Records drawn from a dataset
BEGIN

(* Let $\mathcal{P}=\langle \mathrm{Pr},A,\to\rangle$ be a process LTS and $\mathcal{E}=\langle \mathrm{Env},A,\Rightarrow\rangle$ an environment LTS. For all processes $p,q\in\mathrm{Pr}$ and all environments $e\in\mathrm{Env}$: (1) $p \le_e q \iff (p \mathbin{\&_\bullet} e) \le (q \mathbin{\&_\bullet} e) \implies (p \mathbin{\&} e)\le (q\mathbin{\&} e) \iff p \le^{ji}_e q$; (2) $p \sim_e q \iff (p \mathbin{\&_\bullet} e) \sim (q \mathbin{\&_\bullet} e) \implies (p \mathbin{\&} e)\sim (q\mathbin{\&} e) \iff p \sim^{ji}_e q$. Here $p\mathbin{\&_\bullet}e$, $q\mathbin{\&_\bullet}e$ are states of the right-determinizing join LTS $\mathcal{P}\mathbin{\&_\bullet}\mathcal{E}$ and $p\mathbin{\&}e$, $q\mathbin{\&}e$ are states of the join LTS $\mathcal{P}\mathbin{\&}\mathcal{E}$; $\le$ and $\sim$ denote simulatability and bisimilarity in the respective LTS.
   Context: A labeled transition system (LTS) is a triple $\langle \mathrm{St},A,\to\rangle$ with a set of states $\mathrm{St}$, a set of actions $A$, and a transition relation $\to\subseteq \mathrm{St}\times A\times \mathrm{St}$; write $s\xrightarrow{a}t$. A process LTS $\mathcal{P}=\langle \mathrm{Pr},A,\to\rangle$ has states called processes; an environment LTS $\mathcal{E}=\langle\mathrm{Env},A,\Rightarrow\rangle$ (same action set) has states called environments, transitions written $e\xRightarrow{a}e'$. A simulation on an LTS is a nonempty relation $S$ on states such that whenever $s\,S\,t$ and $s\xrightarrow{a}s'$, there is $t'$ with $t\xrightarrow{a}t'$ and $s'\,S\,t'$ (forth). A bisimulation is a nonempty relation $B$ such that both $B$ and its converse are simulations (forth and back). $s\le t$ (simulatability) iff some simulation relates $s$ to $t$; $s\sim t$ (bisimilarity) iff some bisimulation relates them. An $\mathcal{E}$-parameterized simulation on $\mathcal{P}$ is a family $(S_f)_{f\in\mathrm{Env}}$ of nonempty relations $S_f\subseteq\mathrm{Pr}\times\mathrm{Pr}$ such that whenever $p\,S_e\,q$ and $e\xRightarrow{a}e'$ and $p\xrightarrow{a}p'$, there is $q'$ with $q\xrightarrow{a}q'$ and $p'\,S_{e'}\,q'$. An $\mathcal{E}$-parameterized bisimulation is a family $(B_f)_{f\in\mathrm{Env}}$ of nonempty relations such that whenever $p\,B_e\,q$ and $e\xRightarrow{a}e'$: (forth) every $p\xrightarrow{a}p'$ is matched by some $q\xrightarrow{a}q'$ with $p'\,B_{e'}\,q'$, and (back) every $q\xrightarrow{a}q'$ is matched by some $p\xrightarrow{a}p'$ with $p'\,B_{e'}\,q'$. Write $p\le_e q$ (parameterized simulatability) if some $\mathcal{E}$-parameterized simulation has $p\,S_e\,q$, and $p\sim_e q$ (parameterized bisimilarity) if some $\mathcal{E}$-parameterized bisimulation has $p\,B_e\,q$. The join LTS of two LTSs $\langle \mathrm{St}_1,A,\to_1\rangle$, $\langle \mathrm{St}_2,A,\to_2\rangle$ has states formal pairs $s_1\mathbin{\&}s_2$ ($s_i\in\mathrm{St}_i$) and transitions $s_1\mathbin{\&}s_2\xrightarrow{a}s_1'\mathbin{\&}s_2'$ iff $s_1\xrightarrow{a}_1 s_1'$ and $s_2\xrightarrow{a}_2 s_2'$. The right-determinizing join LTS $\mathcal{P}\mathbin{\&_\bullet}\mathcal{E}$ has states $p\mathbin{\&_\bullet}e$, action set $A\times\mathrm{Env}$, and transitions $p\mathbin{\&_\bullet}e\xrightarrow{(a,e')}p'\mathbin{\&_\bullet}e'$ iff $p\xrightarrow{a}p'$ and $e\xRightarrow{a}e'$. Ji-parameterized relations: $p\le^{ji}_e q$ iff $p\mathbin{\&}e\le q\mathbin{\&}e$ in $\mathcal{P}\mathbin{\&}\mathcal{E}$; $p\sim^{ji}_e q$ iff $p\mathbin{\&}e\sim q\mathbin{\&}e$; $p\simeq^{ji}_e q$ iff $p\le^{ji}_e q$ and $q\le^{ji}_e p$. *)

theory Defs
  imports Main
begin

definition simulation :: "('s \<Rightarrow> 'a \<Rightarrow> 's \<Rightarrow> bool) \<Rightarrow> ('s \<Rightarrow> 's \<Rightarrow> bool) \<Rightarrow> bool" where
  "simulation T R \<longleftrightarrow> (\<exists>s t. R s t) \<and>
     (\<forall>s t a s'. R s t \<and> T s a s' \<longrightarrow> (\<exists>t'. T t a t' \<and> R s' t'))"

definition bisimulation :: "('s \<Rightarrow> 'a \<Rightarrow> 's \<Rightarrow> bool) \<Rightarrow> ('s \<Rightarrow> 's \<Rightarrow> bool) \<Rightarrow> bool" where
  "bisimulation T R \<longleftrightarrow> simulation T R \<and> simulation T (conversep R)"

definition simulatable :: "('s \<Rightarrow> 'a \<Rightarrow> 's \<Rightarrow> bool) \<Rightarrow> 's \<Rightarrow> 's \<Rightarrow> bool" where
  "simulatable T s t \<longleftrightarrow> (\<exists>R. simulation T R \<and> R s t)"

definition bisimilar :: "('s \<Rightarrow> 'a \<Rightarrow> 's \<Rightarrow> bool) \<Rightarrow> 's \<Rightarrow> 's \<Rightarrow> bool" where
  "bisimilar T s t \<longleftrightarrow> (\<exists>R. bisimulation T R \<and> R s t)"

definition join_lts :: "('s1 \<Rightarrow> 'a \<Rightarrow> 's1 \<Rightarrow> bool) \<Rightarrow> ('s2 \<Rightarrow> 'a \<Rightarrow> 's2 \<Rightarrow> bool)
    \<Rightarrow> ('s1 \<times> 's2) \<Rightarrow> 'a \<Rightarrow> ('s1 \<times> 's2) \<Rightarrow> bool" where
  "join_lts T1 T2 s a t \<longleftrightarrow> T1 (fst s) a (fst t) \<and> T2 (snd s) a (snd t)"

definition rdjoin_lts :: "('p \<Rightarrow> 'a \<Rightarrow> 'p \<Rightarrow> bool) \<Rightarrow> ('e \<Rightarrow> 'a \<Rightarrow> 'e \<Rightarrow> bool)
    \<Rightarrow> ('p \<times> 'e) \<Rightarrow> ('a \<times> 'e) \<Rightarrow> ('p \<times> 'e) \<Rightarrow> bool" where
  "rdjoin_lts P E s ae t \<longleftrightarrow>
     P (fst s) (fst ae) (fst t) \<and> E (snd s) (fst ae) (snd t) \<and> snd ae = snd t"

definition param_simulation :: "('p \<Rightarrow> 'a \<Rightarrow> 'p \<Rightarrow> bool) \<Rightarrow> ('e \<Rightarrow> 'a \<Rightarrow> 'e \<Rightarrow> bool)
    \<Rightarrow> ('e \<Rightarrow> 'p \<Rightarrow> 'p \<Rightarrow> bool) \<Rightarrow> bool" where
  "param_simulation P E S \<longleftrightarrow> (\<forall>f. \<exists>p q. S f p q) \<and>
     (\<forall>p q e e' a p'. S e p q \<and> E e a e' \<and> P p a p' \<longrightarrow> (\<exists>q'. P q a q' \<and> S e' p' q'))"

definition param_bisimulation :: "('p \<Rightarrow> 'a \<Rightarrow> 'p \<Rightarrow> bool) \<Rightarrow> ('e \<Rightarrow> 'a \<Rightarrow> 'e \<Rightarrow> bool)
    \<Rightarrow> ('e \<Rightarrow> 'p \<Rightarrow> 'p \<Rightarrow> bool) \<Rightarrow> bool" where
  "param_bisimulation P E B \<longleftrightarrow> (\<forall>f. \<exists>p q. B f p q) \<and>
     (\<forall>p q e e' a. B e p q \<and> E e a e' \<longrightarrow>
        (\<forall>p'. P p a p' \<longrightarrow> (\<exists>q'. P q a q' \<and> B e' p' q')) \<and>
        (\<forall>q'. P q a q' \<longrightarrow> (\<exists>p'. P p a p' \<and> B e' p' q')))"

definition param_simulatable :: "('p \<Rightarrow> 'a \<Rightarrow> 'p \<Rightarrow> bool) \<Rightarrow> ('e \<Rightarrow> 'a \<Rightarrow> 'e \<Rightarrow> bool)
    \<Rightarrow> 'e \<Rightarrow> 'p \<Rightarrow> 'p \<Rightarrow> bool" where
  "param_simulatable P E e p q \<longleftrightarrow> (\<exists>S. param_simulation P E S \<and> S e p q)"

definition param_bisimilar :: "('p \<Rightarrow> 'a \<Rightarrow> 'p \<Rightarrow> bool) \<Rightarrow> ('e \<Rightarrow> 'a \<Rightarrow> 'e \<Rightarrow> bool)
    \<Rightarrow> 'e \<Rightarrow> 'p \<Rightarrow> 'p \<Rightarrow> bool" where
  "param_bisimilar P E e p q \<longleftrightarrow> (\<exists>B. param_bisimulation P E B \<and> B e p q)"

definition ji_simulatable :: "('p \<Rightarrow> 'a \<Rightarrow> 'p \<Rightarrow> bool) \<Rightarrow> ('e \<Rightarrow> 'a \<Rightarrow> 'e \<Rightarrow> bool)
    \<Rightarrow> 'e \<Rightarrow> 'p \<Rightarrow> 'p \<Rightarrow> bool" where
  "ji_simulatable P E e p q \<longleftrightarrow> simulatable (join_lts P E) (p, e) (q, e)"

definition ji_bisimilar :: "('p \<Rightarrow> 'a \<Rightarrow> 'p \<Rightarrow> bool) \<Rightarrow> ('e \<Rightarrow> 'a \<Rightarrow> 'e \<Rightarrow> bool)
    \<Rightarrow> 'e \<Rightarrow> 'p \<Rightarrow> 'p \<Rightarrow> bool" where
  "ji_bisimilar P E e p q \<longleftrightarrow> bisimilar (join_lts P E) (p, e) (q, e)"

end

theory Submission
  imports Defs
begin

text \<open>A parameterized relation S corresponds to the relation on pairs that relates
  (p, f) with (q, f) whenever S f p q. An environment step e \<Rightarrow>a e' of the right-determinizing
  join is visible in its label (a, e'), so matching a step there fixes the environment move
  exactly as the parameterized transfer condition does. Conversely a simulation R on pairs is
  sliced back along the diagonal. Bisimulations reduce to simulations via converses, and the
  join LTS is the right-determinizing join with the environment component of the label
  forgotten, which can only make simulating easier.\<close>

definition pair_rel :: "('e \<Rightarrow> 'p \<Rightarrow> 'p \<Rightarrow> bool) \<Rightarrow> 'p \<times> 'e \<Rightarrow> 'p \<times> 'e \<Rightarrow> bool" where
  "pair_rel S s t \<longleftrightarrow> snd s = snd t \<and> S (snd s) (fst s) (fst t)"

text \<open>The identity is added to make every slice nonempty, as parameterized simulations demand.\<close>
definition slice_rel :: "('p \<times> 'e \<Rightarrow> 'p \<times> 'e \<Rightarrow> bool) \<Rightarrow> 'e \<Rightarrow> 'p \<Rightarrow> 'p \<Rightarrow> bool" where
  "slice_rel R f p q \<longleftrightarrow> R (p, f) (q, f) \<or> p = q"

lemma pair_rel_conversep: "pair_rel (\<lambda>f. (S f)\<inverse>\<inverse>) = (pair_rel S)\<inverse>\<inverse>"
  by (auto simp: fun_eq_iff pair_rel_def)

lemma slice_rel_conversep: "slice_rel R\<inverse>\<inverse> = (\<lambda>f. (slice_rel R f)\<inverse>\<inverse>)"
  by (auto simp: fun_eq_iff slice_rel_def)

lemma param_bisimulation_iff:
  "param_bisimulation P E B \<longleftrightarrow>
     param_simulation P E B \<and> param_simulation P E (\<lambda>f. (B f)\<inverse>\<inverse>)"
  unfolding param_bisimulation_def param_simulation_def by (auto 0 3)

lemma simulation_rdjoin_pair_rel:
  assumes "param_simulation P E S"
  shows "simulation (rdjoin_lts P E) (pair_rel S)"
  unfolding simulation_def
proof (intro conjI allI impI)
  obtain p q where "S undefined p q"
    using assms unfolding param_simulation_def by blast
  then show "\<exists>s t. pair_rel S s t"
    by (auto simp: pair_rel_def)
next
  fix s t ae s'
  assume "pair_rel S s t \<and> rdjoin_lts P E s ae s'"
  then have "S (snd s) (fst s) (fst t)" "E (snd s) (fst ae) (snd s')"
      "P (fst s) (fst ae) (fst s')" "snd t = snd s" "snd ae = snd s'"
    by (auto simp: pair_rel_def rdjoin_lts_def)
  moreover obtain q' where "P (fst t) (fst ae) q'" "S (snd s') (fst s') q'"
    using assms calculation(1-3) unfolding param_simulation_def by blast
  ultimately show "\<exists>t'. rdjoin_lts P E t ae t' \<and> pair_rel S s' t'"
    by (intro exI[of _ "(q', snd s')"]) (auto simp: pair_rel_def rdjoin_lts_def)
qed

lemma param_simulation_slice_rel:
  assumes "simulation (rdjoin_lts P E) R"
  shows "param_simulation P E (slice_rel R)"
  unfolding param_simulation_def
proof (intro conjI allI impI)
  fix f
  show "\<exists>p q. slice_rel R f p q"
    by (auto simp: slice_rel_def)
next
  fix p q e e' a p'
  assume step: "slice_rel R e p q \<and> E e a e' \<and> P p a p'"
  show "\<exists>q'. P q a q' \<and> slice_rel R e' p' q'"
  proof (cases "p = q")
    case True
    with step show ?thesis
      by (auto simp: slice_rel_def)
  next
    case False
    with step have "R (p, e) (q, e)" "rdjoin_lts P E (p, e) (a, e') (p', e')"
      by (auto simp: slice_rel_def rdjoin_lts_def)
    then obtain t' where "rdjoin_lts P E (q, e) (a, e') t'" "R (p', e') t'"
      using assms unfolding simulation_def by blast
    then show ?thesis
      by (intro exI[of _ "fst t'"]) (cases t', auto simp: rdjoin_lts_def slice_rel_def)
  qed
qed

lemma param_simulatable_iff_rdjoin:
  "param_simulatable P E e p q \<longleftrightarrow> simulatable (rdjoin_lts P E) (p, e) (q, e)"
proof
  assume "param_simulatable P E e p q"
  then obtain S where "param_simulation P E S" "S e p q"
    by (auto simp: param_simulatable_def)
  then show "simulatable (rdjoin_lts P E) (p, e) (q, e)"
    unfolding simulatable_def
    by (intro exI[of _ "pair_rel S"]) (simp add: simulation_rdjoin_pair_rel pair_rel_def)
next
  assume "simulatable (rdjoin_lts P E) (p, e) (q, e)"
  then obtain R where "simulation (rdjoin_lts P E) R" "R (p, e) (q, e)"
    by (auto simp: simulatable_def)
  then show "param_simulatable P E e p q"
    unfolding param_simulatable_def
    by (intro exI[of _ "slice_rel R"]) (simp add: param_simulation_slice_rel slice_rel_def)
qed

lemma param_bisimilar_iff_rdjoin:
  "param_bisimilar P E e p q \<longleftrightarrow> bisimilar (rdjoin_lts P E) (p, e) (q, e)"
proof
  assume "param_bisimilar P E e p q"
  then obtain B where "param_bisimulation P E B" "B e p q"
    by (auto simp: param_bisimilar_def)
  then show "bisimilar (rdjoin_lts P E) (p, e) (q, e)"
    unfolding bisimilar_def bisimulation_def param_bisimulation_iff
    by (intro exI[of _ "pair_rel B"])
      (simp add: simulation_rdjoin_pair_rel pair_rel_def flip: pair_rel_conversep)
next
  assume "bisimilar (rdjoin_lts P E) (p, e) (q, e)"
  then obtain R where "bisimulation (rdjoin_lts P E) R" "R (p, e) (q, e)"
    by (auto simp: bisimilar_def)
  then show "param_bisimilar P E e p q"
    unfolding param_bisimilar_def param_bisimulation_iff bisimulation_def
    by (intro exI[of _ "slice_rel R"])
      (simp add: param_simulation_slice_rel slice_rel_def flip: slice_rel_conversep)
qed

lemma simulation_relabel:
  assumes "simulation T R"
  shows "simulation (\<lambda>s a t. \<exists>b. T s b t \<and> h b = a) R"
  using assms unfolding simulation_def by blast

lemma bisimulation_relabel:
  assumes "bisimulation T R"
  shows "bisimulation (\<lambda>s a t. \<exists>b. T s b t \<and> h b = a) R"
  using assms unfolding bisimulation_def by (simp add: simulation_relabel)

lemma join_lts_relabel_rdjoin:
  "join_lts P E = (\<lambda>s a t. \<exists>b. rdjoin_lts P E s b t \<and> fst b = a)"
  by (fastforce simp: fun_eq_iff join_lts_def rdjoin_lts_def)

lemma simulatable_rdjoin_imp_join:
  "simulatable (rdjoin_lts P E) s t \<Longrightarrow> simulatable (join_lts P E) s t"
  unfolding simulatable_def join_lts_relabel_rdjoin by (blast intro: simulation_relabel)

lemma bisimilar_rdjoin_imp_join:
  "bisimilar (rdjoin_lts P E) s t \<Longrightarrow> bisimilar (join_lts P E) s t"
  unfolding bisimilar_def join_lts_relabel_rdjoin by (blast intro: bisimulation_relabel)

theorem lemma3p5:
  fixes P :: "'p \<Rightarrow> 'a \<Rightarrow> 'p \<Rightarrow> bool" and E :: "'e \<Rightarrow> 'a \<Rightarrow> 'e \<Rightarrow> bool"
    and p q :: 'p and e :: 'e
  shows "((param_simulatable P E e p q \<longleftrightarrow> simulatable (rdjoin_lts P E) (p, e) (q, e))
       \<and> (simulatable (rdjoin_lts P E) (p, e) (q, e) \<longrightarrow> simulatable (join_lts P E) (p, e) (q, e))
       \<and> (simulatable (join_lts P E) (p, e) (q, e) \<longleftrightarrow> ji_simulatable P E e p q))
     \<and> ((param_bisimilar P E e p q \<longleftrightarrow> bisimilar (rdjoin_lts P E) (p, e) (q, e))
       \<and> (bisimilar (rdjoin_lts P E) (p, e) (q, e) \<longrightarrow> bisimilar (join_lts P E) (p, e) (q, e))
       \<and> (bisimilar (join_lts P E) (p, e) (q, e) \<longleftrightarrow> ji_bisimilar P E e p q))"
  by (simp add: param_simulatable_iff_rdjoin param_bisimilar_iff_rdjoin
      simulatable_rdjoin_imp_join bisimilar_rdjoin_imp_join ji_simulatable_def ji_bisimilar_def)

end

END

■ Exercise directions
Only lines with the word "close" count here; copy every one from the records.

■ Response to the task
  forgotten, which can only make simulating easier.\<close>
text \<open>The identity is added to make every slice nonempty, as parameterized simulations demand.\<close>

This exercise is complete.